Depuis, quelques méthodes de restauration additionnelles adaptées aux conditions froides de l’arctique ont été développées pour utiliser à profit les attributs des régions nordiques tels que (e.g. MEND 2012):

- des basses températures sont observées sur une période prolongée, ce qui favorise la pénétration du gel et un régime de pergélisol;

- les précipitations sont faibles et souvent sous forme de neige;

- une bonne partie de l’eau de précipitation est relâchée à la fonte de la neige sur une courte période;

- une haute évapotranspiration est observée durant l’été;

- le coefficient de ruissellement est élevé au printemps dû à la présence de pergélisol. Ces approches comprennent le recouvrement avec bris capillaire de diversion saisonnière (Barbour et al. 2011), la couverture isolante avec effets de barrière capillaire (CIEBC; Boulanger-Martel, 2015; Boulanger-Martel et al., 2015, 2016) et les recouvrements hybrides pour lesquelles la température et l’infiltration d’eau sont à la fois contrôlées (MEND 2012). Ces approches n’ont toutefois pas encore été testées à grande échelle, mais sont considérées comme ayant un bon potentiel d’application.
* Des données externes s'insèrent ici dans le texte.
lemma eigenvalue_form_first_row:
  fixes p q :: nat and d :: "nat \<Rightarrow> nat \<Rightarrow> int"
  assumes coprime: "coprime (int p) (int q)" and "3 \<le> p"
    and bounded: "\<And>i k. \<bar>d i k\<bar> \<le> 1"
    and vanish: "\<And>i k. 2 < i \<or> 2 < k \<Longrightarrow> d i k = 0"
    and "d 0 0 = 0"
    and mod_p: "\<And>B. B \<le> 2 \<Longrightarrow> int p dvd eigenvalue_form p q d 0 B"
    and column: "mixed_diff d 0 0 = 0" "mixed_diff d 1 0 = 0" "mixed_diff d 2 0 = 0"
  shows "mixed_diff d 0 2 = 0" "mixed_diff d 0 1 = 0"
proof -
  note numeral_2_eq_2[symmetric, simp]
  have range: "-1 \<le> d i k" "d i k \<le> 1" for i k
    using bounded[of i k] by auto
  show "mixed_diff d 0 2 = 0"
  proof (rule coprime_dvd_digit_eq_0[OF mod_p[of 1] _ coprime, of _ 2])
    show "int p dvd eigenvalue_form p q d 0 1 + mixed_diff d 0 2 * int q ^ 2"
      using mod_p[of 2] eigenvalue_form_Suc_right[of p q d 0 1] by simp
    show "\<bar>mixed_diff d 0 2\<bar> < int p"
      using range[of 0 2] range[of 1 2] \<open>3 \<le> p\<close> by (simp add: mixed_diff_def vanish)
  qed simp
  then have "mixed_diff d 0 1 = - d 1 0"
    using column \<open>d 0 0 = 0\<close> by (simp add: mixed_diff_def vanish)
  show "mixed_diff d 0 1 = 0"
  proof (rule coprime_dvd_digit_eq_0[OF mod_p[of 0] _ coprime, of _ 1])
    show "int p dvd eigenvalue_form p q d 0 0 + mixed_diff d 0 1 * int q ^ 1"
      using mod_p[of 1] eigenvalue_form_Suc_right[of p q d 0 0] by simp
    show "\<bar>mixed_diff d 0 1\<bar> < int p"
      using \<open>mixed_diff d 0 1 = - d 1 0\<close> range[of 1 0] \<open>3 \<le> p\<close> by simp
  qed simp
qed
theorem mainTheorem10:
  fixes A :: "('m, 'f, 'p) arena" and \<sigma> \<tau> :: "('m, 'f) occ list set"
  assumes "wf_arena A"
    and "strategy A \<sigma>" and "strategy A \<tau>"
    and "mu_rigid A \<sigma>" and "mu_rigid A \<tau>"
    and "GR \<sigma> = GR \<tau>"
  shows "\<sigma> = \<tau>"
proof (rule subset_antisym)
  show "\<sigma> \<subseteq> \<tau>"
    using mu_rigid_strategy_GR_subset[OF assms(1,2,4,3,5)] assms(6) by simp
  show "\<tau> \<subseteq> \<sigma>"
    using mu_rigid_strategy_GR_subset[OF assms(1,3,5,2,4)] assms(6) by simp
qed

end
À la lumière de ces informations, il est clair que le recouvrement isolant est la seule approche de restauration appliquée à grande échelle qui a été développée spécifiquement pour des conditions nordiques. La revue des approches potentielles indique que la CIEBC pourrait s’avérer prometteuse puisqu’elle permettrait de contrôler à la fois la température des résidus miniers et les flux d’oxygène traversant le recouvrement. Le concept de CIEBC représente l’application d’un système de couverture avec effets de barrière capillaire (CEBC) en milieu nordique (Boulanger-Martel 2015; Boulanger-Martel et al. 2016). En climat tempéré, les CEBC se sont avérés efficaces à limiter les flux d’oxygène et contrôler la génération de DMA provenant de résidus miniers réactifs (e.g. Aubertin et al. 1999, 2002b; Dagenais et al. 2002, 2005; Bussière et al. 2003b, 2004, 2006, 2007; Dagenais et al. 2005).